O que diz o Ministério do Desenvolvimento Social
Em nota, o Ministério de Desenvolvimento Social explicou que "não haverá alteração nos benefícios recebidos pelos atuais beneficiários do BPC (Benefício de Prestação Continuada) e do Bolsa Família em razão do Decreto nº 12.534/2025. O recebimento do Bolsa Família por uma família não suspende nem cancela o direito ao BPC, pois a legislação permite o acúmulo dos dois benefícios, desde que a renda familiar per capita não ultrapasse 1/4 do salário mínimo".
Ainda segundo o Ministério, as regras para cálculo da renda familiar, estabelecidas pela Lei nº 15.077/2024 e regulamentadas pelo Decreto nº 12.534/2025, mantêm as seguintes exclusões já previstas em lei: Bolsas de estágio supervisionado; Rendimentos de contrato de aprendizagem; Auxílios temporários ou indenizações por rompimento de barragens; BPC recebido por outro membro da família (idoso ou pessoa com deficiência); Benefício previdenciário de até um salário mínimo para idosos acima de 65 anos ou pessoas com deficiência; Auxílio-inclusão e remuneração vinculada a ele.
"O decreto não autoriza descontos sem base legal, apenas aplica as normas definidas em dezembro de 2024. O Governo Federal reafirma seu compromisso com a proteção social, garantindo que as famílias em vulnerabilidade continuem recebendo seus direitos sem interrupções", completa a nota.
Despesa pode chegar a R$ 1,5 trilhão, prevê o governo federal

O governo estima que as despesas com o Benefício de Prestação Continuada (BPC), pago a idosos de baixa renda e pessoas com deficiência, devem chegar a R$ 1,48 trilhão em 2060, considerando os dois grupos. Em 2026, o valor previsto é de R$ 133 bilhões.
Os dados constam da Avaliação da Situação Financeira e Atuarial dos Benefícios Assistenciais da LOAS (Lei Orgânica da Assistência Social), publicada pelo Ministério do Desenvolvimento e Assistência Social como anexo da proposta de Lei de Diretrizes Orçamentárias (LDO) de 2026.

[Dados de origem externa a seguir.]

lemma matching_insert:
  assumes "matching E M" and "E a b" and "misses M a" and "misses M b"
  shows "matching E (insert {a, b} M)"
  unfolding matching_def
proof (intro conjI ballI impI)
  fix e assume "e \<in> insert {a, b} M"
  then show "\<exists>x y. E x y \<and> e = {x, y}"
    using assms(2) matching_edgeE[OF assms(1)] by blast
next
  fix e f assume ef: "e \<in> insert {a, b} M" "f \<in> insert {a, b} M" "e \<noteq> f"
  have ab: "{a, b} \<inter> g = {}" if "g \<in> M" for g
    using assms(3,4) that unfolding misses_def by blast
  show "e \<inter> f = {}"
    using ef ab[of e] ab[of f] matching_disjoint[OF assms(1), of e f] by auto
qed

lemma misses_insert: "misses (insert {a, b} M) x \<longleftrightarrow> misses M x \<and> x \<noteq> a \<and> x \<noteq> b"
  unfolding misses_def by auto

lemma matching_less_iff_lex_less:
  "matching_less B M\<^sub>1 M\<^sub>2 \<longleftrightarrow> lex_less (miss_seq B M\<^sub>2) (miss_seq B M\<^sub>1)"
  unfolding matching_less_def lex_less_def by (simp add: eq_commute)

lemma maximum_matching_iff:
  "maximum_matching E B M \<longleftrightarrow>
     matching E M \<and> (\<forall>M'. matching E M' \<longrightarrow> \<not> lex_less (miss_seq B M') (miss_seq B M))"
  unfolding maximum_matching_def matching_less_iff_lex_less by simp

lemma miss_seq_eq_if_maximum_matching:
  assumes "maximum_matching E B M" and "maximum_matching E B M'"
  shows "miss_seq B M = miss_seq B M'"
proof (rule ccontr)
  assume "miss_seq B M \<noteq> miss_seq B M'"
  then have "lex_less (miss_seq B M) (miss_seq B M') \<or> lex_less (miss_seq B M') (miss_seq B M)"
    by (rule lex_less_linear)
  with assms show False unfolding maximum_matching_iff by blast
qed

lemma maximum_matching_if_miss_seq_eq:
  assumes "maximum_matching E B M" and "matching E M'" and "miss_seq B M' = miss_seq B M"
  shows "maximum_matching E B M'"
  using assms unfolding maximum_matching_iff by simp

lemma maximum_matching_covers_edge:
  assumes fin: "\<And>n. finite (B n)" and "a \<in> (\<Union>n. B n)"
    and "maximum_matching E B M" and "E a b"
  shows "\<not> (misses M a \<and> misses M b)"
proof
  assume missed: "misses M a \<and> misses M b"
  let ?M' = "insert {a, b} M"
  obtain n\<^sub>0 where "a \<in> B n\<^sub>0" using assms(2) by blast
  have "matching E M" using assms(3) unfolding maximum_matching_iff by simp
  then have "matching E ?M'" using assms(4) missed by (simp add: matching_insert)
  moreover have "lex_less (miss_seq B ?M') (miss_seq B M)"
  proof (rule lex_less_if_le)
    show "miss_seq B ?M' n \<le> miss_seq B M n" for n
      unfolding miss_seq_def misses_insert by (rule card_mono) (use fin in auto)
    have "miss_seq B ?M' n\<^sub>0 < miss_seq B M n\<^sub>0"
      unfolding miss_seq_def misses_insert
      by (rule psubset_card_mono) (use fin \<open>a \<in> B n\<^sub>0\<close> missed in auto)
    then show "miss_seq B ?M' \<noteq> miss_seq B M" by auto
  qed
  ultimately show False using assms(3) unfolding maximum_matching_iff by simp
qed

lemma card_filter_add_eq:
  assumes "finite A"
    and "\<And>x. x \<in> A \<Longrightarrow> of_bool (P\<^sub>1 x) + of_bool (P\<^sub>2 x) = (of_bool (Q\<^sub>1 x) + of_bool (Q\<^sub>2 x) :: nat)"
  shows "card {x\<in>A. P\<^sub>1 x} + card {x\<in>A. P\<^sub>2 x} = card {x\<in>A. Q\<^sub>1 x} + card {x\<in>A. Q\<^sub>2 x}"
proof -
  have card_eq_sum: "card {x\<in>A. P x} = (\<Sum>x\<in>A. of_bool (P x))" for P
    using assms(1) by (simp add: Int_def)
  show ?thesis
    unfolding card_eq_sum sum.distrib[symmetric] using assms(2) by (rule sum.cong[OF refl])
qed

A LDO dá as bases do Orçamento federal do ano que vem e inclui projeções de longo prazo.
Hoje, o BPC é pago a mais de 6,7 milhões de brasileiros, dos quais cerca de 2,7 milhões são idosos e 4 milhões pessoas com deficiência. Cada um recebe um salário mínimo por mês, independentemente de ter contribuído para a Previdência. O benefício é pago a quem comprovar renda familiar por pessoa de até um quarto do salário mínimo.
Em 2026, o gasto com idosos está estimado em R$ 54,7 bilhões, e com pessoas com deficiência, R$ 78,6 bilhões. Já em 2060, essas cifras devem atingir, respectivamente, R$ 830,3 bilhões e R$ 655,7 bilhões (somando R$ 1,48 trilhões).
O número de beneficiários idosos deve quase triplicar, passando de 2,7 milhões para 7,9 milhões, enquanto o de pessoas com deficiência deve subir para 6,2 milhões.
Segundo o ministério, o aumento reflete o envelhecimento da população, o crescimento demográfico e a persistência de fatores estruturais de vulnerabilidade, como informalidade no mercado de trabalho e pobreza extrema.
O economista Ricardo Paixão observa que outros setores que consomem grandes volumes do orçamento permanecem intocados, como incentivos fiscais a empresas, que somam cerca de R$ 800 bilhões, emendas parlamentares (cerca de R$ 70 bilhões) e gastos com as Forças Armadas (quase R$ 100 bilhões), considerados excessivos ao orçamento do País.
“O discurso de equilíbrio fiscal deve ser mais amplo, distribuindo os ajustes em diversas áreas e não penalizando os mais vulneráveis”.